- _Problem details_
From the data below, copy exactly the lines that lie between the one holding "x i \<noteq>" and the one holding "sqrt (\<Sum>i\<in>supp x.", including both, and nothing more.

------------------------------

(* Let $\mathbb{I}\subseteq\mathbb{Z}$ be a discrete interval and $A$ a band operator on $\ell^2(\mathbb{I})$ with band-width $w$. Then for every $N\in\mathbb{N}$, \[ \nu_N(A)=\inf\{\nu_{j..j+N-1}(A):j..j+N-1\subseteq\mathbb{I}\}=\inf\{\nu(C):C\in\mathcal{C}_N(A)\}. \]
   Context: $a..b:=\{n\in\mathbb{Z}:a\le n\le b\}$; a discrete interval is a set of consecutive integers (finite or infinite). A band operator with band-width $w$ has matrix entries $A_{ij}=0$ for $|i-j|>w$. $\nu(T):=\inf\{\|Tx\|:\|x\|=1\}$ (for a matrix $C$, as an operator between finite-dimensional $\ell^2$ spaces); $\nu_N(A):=\inf\{\|Ax\|:\|x\|=1,\operatorname{diam}(\operatorname{supp}x)<N\}$; $\nu_{J}(A):=\inf\{\|Ax\|:\operatorname{supp}x\subseteq J,\|x\|=1\}$. $\mathcal{C}_N(A)$ is the set of $(N+2w)\times N$ matrices $C=(C_{ij})_{i\in1-w..N+w,\,j\in1..N}$ with $C_{ij}=A_{k+i,k+j}$ for some $k$ with $k+1..k+N\subseteq\mathbb{I}$, where $C_{ij}:=0$ if $A_{k+i,k+j}$ is undefined. *)

theory Defs
  imports "HOL-Analysis.Analysis"
begin

definition discrete_interval :: "int set \<Rightarrow> bool" where
  "discrete_interval I \<longleftrightarrow> (\<forall>a\<in>I. \<forall>c\<in>I. \<forall>b. a \<le> b \<and> b \<le> c \<longrightarrow> b \<in> I)"

text \<open>Matrix of an operator on l2(I), given by its entries a i j for i, j in I.
  Band operator with band-width w: bounded entries and a i j = 0 for |i-j| > w
  (for band matrices, boundedness of the operator is equivalent to boundedness of the entries).\<close>
definition band_operator :: "int set \<Rightarrow> (int \<Rightarrow> int \<Rightarrow> complex) \<Rightarrow> nat \<Rightarrow> bool" where
  "band_operator I a w \<longleftrightarrow>
     (\<exists>M. \<forall>i\<in>I. \<forall>j\<in>I. cmod (a i j) \<le> M) \<and>
     (\<forall>i\<in>I. \<forall>j\<in>I. \<bar>i - j\<bar> > int w \<longrightarrow> a i j = 0)"

definition supp :: "(int \<Rightarrow> complex) \<Rightarrow> int set" where
  "supp x = {i. x i \<noteq> 0}"

text \<open>l2 norm of a finitely supported vector (only applied to such vectors).\<close>
definition l2norm :: "(int \<Rightarrow> complex) \<Rightarrow> real" where
  "l2norm x = sqrt (\<Sum>i\<in>supp x. (cmod (x i))\<^sup>2)"

definition op_apply :: "int set \<Rightarrow> (int \<Rightarrow> int \<Rightarrow> complex) \<Rightarrow> (int \<Rightarrow> complex) \<Rightarrow> (int \<Rightarrow> complex)" where
  "op_apply I a x = (\<lambda>i. if i \<in> I then (\<Sum>j\<in>supp x \<inter> I. a i j * x j) else 0)"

------------------------------

- _Answer space_
  "supp x = {i. x i \<noteq> 0}"

text \<open>l2 norm of a finitely supported vector (only applied to such vectors).\<close>
definition l2norm :: "(int \<Rightarrow> complex) \<Rightarrow> real" where
  "l2norm x = sqrt (\<Sum>i\<in>supp x. (cmod (x i))\<^sup>2)"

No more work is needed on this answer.